- Aim of the task: Check every line of the data below for "comment". Copy each one that has it.

- Input data:
lemma block_union_bound_le_rate:
  fixes m T n :: nat and a c p :: real
  assumes m: "1 \<le> m" "m < T" and n: "1 \<le> n" and a: "64 \<le> a" and c: "0 \<le> c" "c \<le> a ^ n"
    and p: "0 < p" "p \<le> 1"
  shows "real (Suc (nat \<lceil>real T / real m\<rceil> - 1)) * c * exp (- p * m / 8)
         \<le> 544 * (real T / real m) * real n powr 2.5 * ln (a * real n)
             * a ^ n * exp (- const_a3 p * real m)"
proof -
  have "1 \<le> real T / real m" using m by simp
  then have blocks: "real (Suc (nat \<lceil>real T / real m\<rceil> - 1)) \<le> 2 * (real T / real m)"
    by linarith
  have "real (Suc (nat \<lceil>real T / real m\<rceil> - 1)) * c * exp (- p * m / 8)
        \<le> 2 * (real T / real m) * a ^ n * exp (- const_a3 p * real m)"
  proof (intro mult_mono blocks c)
    show "exp (- p * m / 8) \<le> exp (- const_a3 p * real m)"
      using p by (simp add: const_a3_def power2_eq_square mult_left_le_one_le)
  qed (use a c in auto)
  also have "\<dots> \<le> 544 * (real T / real m) * real n powr 2.5 * ln (a * real n)
                   * a ^ n * exp (- const_a3 p * real m)"
  proof -
    have "2 * (real T / real m) \<le> 544 * (real T / real m) * real n powr 2.5 * ln (a * real n)"
      using mult_right_mono[OF two_le_544_powr_mult_ln[OF _ a], of n "real T / real m"] n
      by (simp add: mult_ac)
    then show ?thesis using a by (intro mult_right_mono) auto
  qed
  finally show ?thesis .
qed

locale excited_process = prob_space M
  for M :: "'a measure" +
  fixes z :: "nat \<Rightarrow> 'a \<Rightarrow> real^'n" and w :: "nat \<Rightarrow> 'a \<Rightarrow> real^'m" and \<sigma> p :: real
  assumes z_measurable[measurable]: "\<And>t. z t \<in> borel_measurable M"
    and w_measurable[measurable]: "\<And>t. w t \<in> borel_measurable M"
    and excitation: "\<And>l t. norm (l :: real^'n) = 1 \<Longrightarrow>
        AE \<omega> in M. real_cond_exp M (filt M w z t)
          (indicator {\<omega>' \<in> space M. \<bar>l \<bullet> z (Suc t) \<omega>'\<bar> \<ge> \<sigma>}) \<omega> \<ge> p"
begin
lemma gibbs_spec_detailed_balance:
  assumes L: "finite L" and DL: "D \<subseteq> L" and z: "z \<in> configs_on D x"
  shows "gibbs_spec phi L x * gibbs_spec phi D z = gibbs_spec phi L z * gibbs_spec phi D x"
proof -
  have "finite D" "z \<in> configs_on L x"
    using L DL z configs_on_mono finite_subset by blast+
  then show ?thesis
    using gibbs_spec_exp_rho[OF L] gibbs_spec_exp_rho[of D z x] z configs_on_sym by (simp add: mult_ac)
qed

lemma is_specification_gibbs_spec: "is_specification (gibbs_spec phi)"
  by (rule is_specificationI_detailed_balance)
    (auto simp: gibbs_spec_pos less_imp_le sum_gibbs_spec intro: gibbs_spec_detailed_balance)

lemma gibbs_spec_override:
  "gibbs_spec phi L w = inverse (\<Sum>z\<in>PiE L (\<lambda>_. UNIV). exp (rho phi (override_on w z L) w))"
  unfolding gibbs_spec_def sum_configs_on ..

text \<open>The cocycle \<open>w \<mapsto> rho phi (override_on w z L) w\<close> is continuous on a compact space,
  hence bounded, for each of the finitely many \<open>z\<close>.\<close>

lemma gibbs_spec_bounded_below:
  assumes L: "finite L"
  shows "\<exists>c>0. \<forall>w. c \<le> gibbs_spec phi L w"
proof -
  let ?P = "PiE L (\<lambda>_. UNIV :: 'e set)"
  obtain B where B: "\<And>z w. \<bar>rho phi (override_on w z L) w\<bar> \<le> B z"
    using cont_conf_bounded[OF cont_conf_rho_override[OF L]] by metis
  have "?P \<noteq> {}" "finite ?P"
    using L by (simp_all add: PiE_eq_empty_iff finite_PiE)
  then have pos: "0 < (\<Sum>z\<in>?P. exp (B z))"
    by (simp add: sum_pos)
  have "inverse (\<Sum>z\<in>?P. exp (B z)) \<le> gibbs_spec phi L w" for w
  proof -
    have "(\<Sum>z\<in>?P. exp (rho phi (override_on w z L) w)) \<le> (\<Sum>z\<in>?P. exp (B z))"
      using B by (intro sum_mono) (simp add: abs_le_iff)
    moreover have "0 < (\<Sum>z\<in>?P. exp (rho phi (override_on w z L) w))"
      using gibbs_spec_pos[OF L, of w] by (simp add: gibbs_spec_override)
    ultimately show ?thesis
      unfolding gibbs_spec_override by (rule le_imp_inverse_le)
  qed
  with pos show ?thesis
    by (intro exI[of _ "inverse (\<Sum>z\<in>?P. exp (B z))"]) simp
qed
(* Suppose there exists a $\mathcal{KL}_{\rm gen}$-$\operatorname{Fin}(X^{\rm in})$ upper bound $(\gamma,\theta)$ for $(X^{\rm in},T,\varphi)$. Then there exists $h\in\Omega([0,1])$ such that $\nu_k\le h(e^{-k})$ for all $k\in\mathbb N$. If moreover $(\gamma,\theta)$ is useful for $\nu$, then $h$ can be chosen so that $\{k\in\mathbb N:\nu_k>h(0)\}\neq\emptyset$.
   Context: Standing data: a nonempty set $X^{\rm in}\subseteq\mathbb R^d$, a map $T:\mathbb R^d\to\mathbb R^d$ ($T^k$ its $k$-fold composition), $\varphi:\mathbb R^d\to\mathbb R$ with $\varphi(0)=0$; $\nu_k=\sup_{x\in X^{\rm in}}\varphi(T^k(x))$, assumed finite for every $k$; $G^{>}_\nu=\{k:\nu_k>\limsup_n\nu_n\}$. $\Omega([0,1])$: functions $h:\mathbb R\to\mathbb R$ whose restriction to $[0,1]$ is strictly increasing and continuous. For $f:\mathbb R^d\to\mathbb R\cup\{+\infty\}$, $\overline f=\sup_{X^{\rm in}}f$; $\operatorname{Fin}(X^{\rm in})=\{f:\overline f<+\infty\}$. $\mathcal{KL}_{\rm gen}$: functions $\gamma:\mathbb R\times\mathbb R_+\to\mathbb R$, increasing in the first variable for each fixed second variable and decreasing in the second variable for each fixed first variable (not necessarily strictly, not necessarily continuous). $(\gamma,\theta)\in\mathcal{KL}_{\rm gen}\times\operatorname{Fin}(X^{\rm in})$ is a $\mathcal{KL}_{\rm gen}$-$\operatorname{Fin}(X^{\rm in})$ upper bound if $\varphi(T^k(x))\le\gamma(\theta(x),k)$ for all $k\in\mathbb N$, $x\in X^{\rm in}$; it is useful for $\nu$ if $\{k\in G^{>}_\nu:\inf_{t\ge0}\gamma(\overline\theta,t)<\nu_k\}\ne\emptyset$. *)

theory Defs
  imports "HOL-Analysis.Analysis"
begin

definition nu :: "(real^'d) set \<Rightarrow> (real^'d \<Rightarrow> real^'d) \<Rightarrow> (real^'d \<Rightarrow> real) \<Rightarrow> nat \<Rightarrow> real" where
  "nu Xin T \<phi> k = (SUP x\<in>Xin. \<phi> ((T ^^ k) x))"

definition G_gt :: "(nat \<Rightarrow> real) \<Rightarrow> nat set" where
  "G_gt \<nu> = {k. ereal (\<nu> k) > limsup (\<lambda>n. ereal (\<nu> n))}"

definition Omega01 :: "(real \<Rightarrow> real) set" where
  "Omega01 = {h. strict_mono_on {0..1} h \<and> continuous_on {0..1} h}"

definition sup_on :: "'a set \<Rightarrow> ('a \<Rightarrow> ereal) \<Rightarrow> ereal" where
  "sup_on Xin f = (SUP x\<in>Xin. f x)"

text \<open>Functions R^d -> R \<union> {+\<infinity>} are modelled as ereal-valued functions never equal to -\<infinity>.\<close>
definition Fin :: "'a set \<Rightarrow> ('a \<Rightarrow> ereal) set" where
  "Fin Xin = {f. (\<forall>x. f x \<noteq> -\<infinity>) \<and> sup_on Xin f < \<infinity>}"

text \<open>KL_gen: gamma : R x R_+ -> R, increasing in first variable, decreasing in second
  (on t \<ge> 0; values at t < 0 are irrelevant).\<close>
definition KL_gen :: "(real \<Rightarrow> real \<Rightarrow> real) set" where
  "KL_gen = {\<gamma>. (\<forall>t\<ge>0. mono (\<lambda>r. \<gamma> r t)) \<and>
                  (\<forall>r s t. 0 \<le> s \<longrightarrow> s \<le> t \<longrightarrow> \<gamma> r t \<le> \<gamma> r s)}"

definition is_KL_Fin_upper_bound ::
  "(real^'d) set \<Rightarrow> (real^'d \<Rightarrow> real^'d) \<Rightarrow> (real^'d \<Rightarrow> real) \<Rightarrow>
   (real \<Rightarrow> real \<Rightarrow> real) \<Rightarrow> (real^'d \<Rightarrow> ereal) \<Rightarrow> bool" where
  "is_KL_Fin_upper_bound Xin T \<phi> \<gamma> \<theta> \<longleftrightarrow>
     \<gamma> \<in> KL_gen \<and> \<theta> \<in> Fin Xin \<and>
     (\<forall>k::nat. \<forall>x\<in>Xin. \<phi> ((T ^^ k) x) \<le> \<gamma> (real_of_ereal (\<theta> x)) (real k))"

definition is_useful ::
  "(real \<Rightarrow> real \<Rightarrow> real) \<Rightarrow> ereal \<Rightarrow> (nat \<Rightarrow> real) \<Rightarrow> bool" where
  "is_useful \<gamma> thbar \<nu> \<longleftrightarrow>
     {k \<in> G_gt \<nu>. (INF t\<in>{0::real..}. ereal (\<gamma> (real_of_ereal thbar) t)) < ereal (\<nu> k)} \<noteq> {}"

end

theory Submission
  imports Defs
begin

text \<open>Both claims reduce to one fact about real sequences: if \<open>\<nu>\<close> is bounded above and
  \<open>\<nu> k \<le> a\<close> for all large \<open>k\<close>, then the affine map \<open>h s = a + B s\<close> satisfies \<open>\<nu> k \<le> h (exp (-k))\<close>
  once the slope \<open>B\<close> is large enough to cover the finitely many early terms, and \<open>h 0 = a\<close>.
  The upper bound gives \<open>\<nu> k \<le> \<gamma> \<theta>' t\<close> for \<open>0 \<le> t \<le> k\<close>, where \<open>\<theta>'\<close> is the supremum of \<open>\<theta>\<close>;
  so \<open>a = \<gamma> \<theta>' 0\<close> works in general, and a time \<open>t\<close> with \<open>\<gamma> \<theta>' t < \<nu> k\<^sub>0\<close>, which usefulness
  provides, gives \<open>h 0 < \<nu> k\<^sub>0\<close>.\<close>

lemma affine_in_Omega01:
  assumes "(B::real) > 0"
  shows "(\<lambda>s. a + B * s) \<in> Omega01"
  unfolding Omega01_def
proof (intro CollectI conjI)
  show "strict_mono_on {0..1} (\<lambda>s. a + B * s)"
    by (rule strict_mono_onI) (use assms in auto)
  show "continuous_on {0..1} (\<lambda>s. a + B * s)"
    by (intro continuous_intros)
qed

lemma exists_Omega01_majorant:
  fixes \<nu> :: "nat \<Rightarrow> real"
  assumes bound: "\<And>k. \<nu> k \<le> M"
    and tail: "\<And>k. k \<ge> N \<Longrightarrow> \<nu> k \<le> a"
  shows "\<exists>h\<in>Omega01. h 0 = a \<and> (\<forall>k. \<nu> k \<le> h (exp (- real k)))"
proof -
  define B where "B = \<bar>M - a\<bar> * exp (real N) + 1"
  have B_pos: "B > 0"
    unfolding B_def by (simp add: add_nonneg_pos)
  have "\<nu> k \<le> a + B * exp (- real k)" for k
  proof (cases "k \<ge> N")
    case True
    then show ?thesis
      using tail[of k] B_pos by (simp add: add_increasing2)
  next
    case False
    have "exp (real N) * exp (- real k) \<ge> 1"
      using False by (simp add: exp_minus field_simps)
    then have "\<bar>M - a\<bar> \<le> \<bar>M - a\<bar> * (exp (real N) * exp (- real k))"
      by (simp add: mult_le_cancel_left1)
    also have "\<dots> \<le> B * exp (- real k)"
      unfolding B_def by (simp add: algebra_simps)
    finally show ?thesis
      using bound[of k] by linarith
  qed
  moreover have "(\<lambda>s. a + B * s) \<in> Omega01"
    by (rule affine_in_Omega01[OF B_pos])
  ultimately show ?thesis
    by (intro bexI[of _ "\<lambda>s. a + B * s"]) auto
qed

lemma KL_gen_mono_left:
  assumes "\<gamma> \<in> KL_gen" "t \<ge> 0" "r \<le> s"
  shows "\<gamma> r t \<le> \<gamma> s t"
  using assms unfolding KL_gen_def mono_def by blast

lemma KL_gen_antimono_right:
  assumes "\<gamma> \<in> KL_gen" "0 \<le> s" "s \<le> t"
  shows "\<gamma> r t \<le> \<gamma> r s"
  using assms unfolding KL_gen_def by blast

lemma real_of_ereal_le_sup_on:
  assumes "f \<in> Fin Xin" "x \<in> Xin"
  shows "real_of_ereal (f x) \<le> real_of_ereal (sup_on Xin f)"
proof -
  have fx: "f x \<noteq> -\<infinity>" and sup_fin: "sup_on Xin f < \<infinity>"
    using assms(1) unfolding Fin_def by auto
  have "f x \<le> sup_on Xin f"
    unfolding sup_on_def using assms(2) by (rule SUP_upper)
  then show ?thesis
    using fx sup_fin by (cases "f x"; cases "sup_on Xin f") auto
qed

lemma nu_le_KL_bound:
  assumes "Xin \<noteq> {}" "is_KL_Fin_upper_bound Xin T \<phi> \<gamma> \<theta>"
  shows "nu Xin T \<phi> k \<le> \<gamma> (real_of_ereal (sup_on Xin \<theta>)) (real k)"
  unfolding nu_def
proof (rule cSUP_least[OF assms(1)])
  fix x assume x: "x \<in> Xin"
  have KL: "\<gamma> \<in> KL_gen" and Fin: "\<theta> \<in> Fin Xin"
    using assms(2) unfolding is_KL_Fin_upper_bound_def by auto
  have "\<phi> ((T ^^ k) x) \<le> \<gamma> (real_of_ereal (\<theta> x)) (real k)"
    using assms(2) x unfolding is_KL_Fin_upper_bound_def by auto
  also have "\<dots> \<le> \<gamma> (real_of_ereal (sup_on Xin \<theta>)) (real k)"
    by (rule KL_gen_mono_left[OF KL _ real_of_ereal_le_sup_on[OF Fin x]]) simp
  finally show "\<phi> ((T ^^ k) x) \<le> \<gamma> (real_of_ereal (sup_on Xin \<theta>)) (real k)" .
qed

theorem mainTheorem11:
  fixes Xin :: "(real^'d) set" and T :: "real^'d \<Rightarrow> real^'d" and \<phi> :: "real^'d \<Rightarrow> real"
    and \<gamma> :: "real \<Rightarrow> real \<Rightarrow> real" and \<theta> :: "real^'d \<Rightarrow> ereal"
  assumes "Xin \<noteq> {}"
    and "\<phi> 0 = 0"
    and "\<And>k. bdd_above ((\<lambda>x. \<phi> ((T ^^ k) x)) ` Xin)"
    and "is_KL_Fin_upper_bound Xin T \<phi> \<gamma> \<theta>"
  shows "(\<exists>h\<in>Omega01. \<forall>k::nat. nu Xin T \<phi> k \<le> h (exp (- real k)))
    \<and> (is_useful \<gamma> (sup_on Xin \<theta>) (nu Xin T \<phi>) \<longrightarrow>
        (\<exists>h\<in>Omega01. (\<forall>k::nat. nu Xin T \<phi> k \<le> h (exp (- real k)))
                      \<and> {k. nu Xin T \<phi> k > h 0} \<noteq> {}))"
proof -
  define th where "th = real_of_ereal (sup_on Xin \<theta>)"
  have KL: "\<gamma> \<in> KL_gen"
    using assms(4) unfolding is_KL_Fin_upper_bound_def by blast
  have nu_le: "nu Xin T \<phi> k \<le> \<gamma> th t" if "0 \<le> t" "t \<le> real k" for k t
    using nu_le_KL_bound[OF assms(1,4), of k] KL_gen_antimono_right[OF KL that, of th]
    unfolding th_def by linarith
  have nu_bounded: "nu Xin T \<phi> k \<le> \<gamma> th 0" for k
    using nu_le[of 0 k] by simp
  have "\<exists>h\<in>Omega01. \<forall>k. nu Xin T \<phi> k \<le> h (exp (- real k))"
    using exists_Omega01_majorant[of "nu Xin T \<phi>", OF nu_bounded nu_bounded] by blast
  moreover have "\<exists>h\<in>Omega01. (\<forall>k. nu Xin T \<phi> k \<le> h (exp (- real k)))
                      \<and> {k. nu Xin T \<phi> k > h 0} \<noteq> {}"
    if useful: "is_useful \<gamma> (sup_on Xin \<theta>) (nu Xin T \<phi>)"
  proof -
    obtain k0 where "(INF t\<in>{0::real..}. ereal (\<gamma> th t)) < ereal (nu Xin T \<phi> k0)"
      using useful unfolding is_useful_def th_def by auto
    then obtain t where t: "t \<ge> 0" "\<gamma> th t < nu Xin T \<phi> k0"
      by (auto simp: INF_less_iff)
    have "nu Xin T \<phi> k \<le> \<gamma> th t" if "k \<ge> nat \<lceil>t\<rceil>" for k
      using that by (intro nu_le[OF t(1)]) linarith
    then obtain h where h: "h \<in> Omega01" "h 0 = \<gamma> th t"
        "\<forall>k. nu Xin T \<phi> k \<le> h (exp (- real k))"
      using exists_Omega01_majorant[of "nu Xin T \<phi>", OF nu_bounded] by blast
    moreover have "k0 \<in> {k. nu Xin T \<phi> k > h 0}"
      using h(2) t(2) by simp
    ultimately show ?thesis
      by blast
  qed
  ultimately show ?thesis
    by blast
qed

end
fun game_move :: "('x \<Rightarrow> 'a \<Rightarrow> 'x \<Rightarrow> bool) \<Rightarrow> 'a \<Rightarrow> ('x, 'a) conf \<Rightarrow> ('x, 'a) conf \<Rightarrow> bool" where
  "game_move step tau (SP2 x y) c' \<longleftrightarrow>
     (\<exists>a x'. step x a x' \<and> c' = DUP x a x' y) \<or> (\<exists>a y'. step y a y' \<and> c' = DUP y a y' x)"
| "game_move step tau (SP5 x x' y y' y'') c' \<longleftrightarrow> c' = SP2 x y' \<or> c' = SP2 x' y''"
| "game_move step tau (DUP x a x' y) c' \<longleftrightarrow>
     (\<exists>y' y''. tau_steps step tau y y' \<and> opt_step step tau y' a y'' \<and> c' = SP5 x x' y y' y'')"

definition spoiler_strategy :: "('x \<Rightarrow> 'a \<Rightarrow> 'x \<Rightarrow> bool) \<Rightarrow> 'a \<Rightarrow> (('x, 'a) conf \<Rightarrow> ('x, 'a) conf) \<Rightarrow> bool" where
  "spoiler_strategy step tau \<sigma> \<longleftrightarrow>
     (\<forall>c. spoiler_conf c \<and> (\<exists>c'. game_move step tau c c') \<longrightarrow> game_move step tau c (\<sigma> c))"

definition consistent_step :: "('x \<Rightarrow> 'a \<Rightarrow> 'x \<Rightarrow> bool) \<Rightarrow> 'a \<Rightarrow> (('x, 'a) conf \<Rightarrow> ('x, 'a) conf)
    \<Rightarrow> ('x, 'a) conf \<Rightarrow> ('x, 'a) conf \<Rightarrow> bool" where
  "consistent_step step tau \<sigma> c c' \<longleftrightarrow> game_move step tau c c' \<and> (spoiler_conf c \<longrightarrow> c' = \<sigma> c)"

definition spoiler_wins_from ::
  "('x \<Rightarrow> 'a \<Rightarrow> 'x \<Rightarrow> bool) \<Rightarrow> 'a \<Rightarrow> (('x, 'a) conf \<Rightarrow> ('x, 'a) conf) \<Rightarrow> ('x, 'a) conf \<Rightarrow> bool" where
  "spoiler_wins_from step tau \<sigma> c0 \<longleftrightarrow>
     \<comment> \<open>every finite maximal consistent play is won by Spoiler\<close>
     (\<forall>p. p \<noteq> [] \<and> hd p = c0
          \<and> (\<forall>i. Suc i < length p \<longrightarrow> consistent_step step tau \<sigma> (p ! i) (p ! Suc i))
          \<and> (\<nexists>c'. game_move step tau (last p) c')
          \<longrightarrow> \<not> spoiler_conf (last p))
     \<and> \<comment> \<open>there is no infinite consistent play (those are won by Duplicator)\<close>
     (\<nexists>f. f 0 = c0 \<and> (\<forall>i. consistent_step step tau \<sigma> (f i) (f (Suc i))))"

definition spoiler_winning :: "('x \<Rightarrow> 'a \<Rightarrow> 'x \<Rightarrow> bool) \<Rightarrow> 'a \<Rightarrow> ('x, 'a) conf \<Rightarrow> bool" where
  "spoiler_winning step tau c \<longleftrightarrow>
     (\<exists>\<sigma>. spoiler_strategy step tau \<sigma> \<and> spoiler_wins_from step tau \<sigma> c)"

end

theory Submission
  imports Defs
begin

(* Both sides coincide with Spoiler's attractor on the pairs [x,y]: the configurations from which
   Spoiler can force, within a bounded number of rounds, a position where Duplicator cannot answer.
   Unfolding three moves of the attractor at [x,y] is exactly the closure rule of branching
   apartness, so every apartness contains the attractor on pairs; conversely that relation is
   itself an apartness, because Duplicator has only finitely many answers (X is finite), whose
   ranks therefore have a common bound. A strategy that always lowers the rank wins from the
   attractor, while against any strategy Duplicator can stay outside the attractor, which yields
   either an infinite play or a finite one ending with Spoiler stuck. *)

lemma infinite_chain_or_path_to:
  fixes r :: "'c \<Rightarrow> 'c \<Rightarrow> bool"
  assumes start: "B c0"
    and continue: "\<And>c. B c \<Longrightarrow> \<not> S c \<Longrightarrow> \<exists>c'. r c c' \<and> B c'"
  shows "(\<exists>f. f 0 = c0 \<and> (\<forall>i. r (f i) (f (Suc i))))
    \<or> (\<exists>p. p \<noteq> [] \<and> hd p = c0 \<and> successively r p \<and> S (last p))"
proof (rule disjCI)
  assume no_path: "\<not> (\<exists>p. p \<noteq> [] \<and> hd p = c0 \<and> successively r p \<and> S (last p))"
  define reachable where
    "reachable c \<longleftrightarrow> B c \<and> (\<exists>p. p \<noteq> [] \<and> hd p = c0 \<and> successively r p \<and> last p = c)" for c
  have "reachable c0"
    unfolding reachable_def using start by (intro conjI exI[of _ "[c0]"]) auto
  moreover have "\<exists>c'. r c c' \<and> reachable c'" if "reachable c" for c
  proof -
    from that obtain p where p: "B c" "p \<noteq> []" "hd p = c0" "successively r p" "last p = c"
      unfolding reachable_def by blast
    with no_path have "\<not> S c" by blast
    with continue p(1) obtain c' where "r c c'" "B c'" by blast
    with p have "reachable c'"
      unfolding reachable_def by (intro conjI exI[of _ "p @ [c']"]) (auto simp: successively_append_iff)
    with \<open>r c c'\<close> show ?thesis by blast
  qed
  ultimately obtain f where "\<forall>n. (reachable (f n) \<and> (n = 0 \<longrightarrow> f n = c0)) \<and> r (f n) (f (Suc n))"
    using dependent_nat_choice[where P = "\<lambda>n c. reachable c \<and> (n = 0 \<longrightarrow> c = c0)"
        and Q = "\<lambda>_ c c'. r c c'"] by blast
  then show "\<exists>f. f 0 = c0 \<and> (\<forall>i. r (f i) (f (Suc i)))" by blast
qed

context
  fixes step :: "'x \<Rightarrow> 'a \<Rightarrow> 'x \<Rightarrow> bool" and tau :: 'a
begin

fun attractor :: "nat \<Rightarrow> ('x, 'a) conf \<Rightarrow> bool" where
  "attractor 0 c = False"
| "attractor (Suc n) c =
     (if spoiler_conf c then \<exists>c'. game_move step tau c c' \<and> attractor n c'
      else \<forall>c'. game_move step tau c c' \<longrightarrow> attractor n c')"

- Output for this exercise:
     \<comment> \<open>every finite maximal consistent play is won by Spoiler\<close>
     \<and> \<comment> \<open>there is no infinite consistent play (those are won by Duplicator)\<close>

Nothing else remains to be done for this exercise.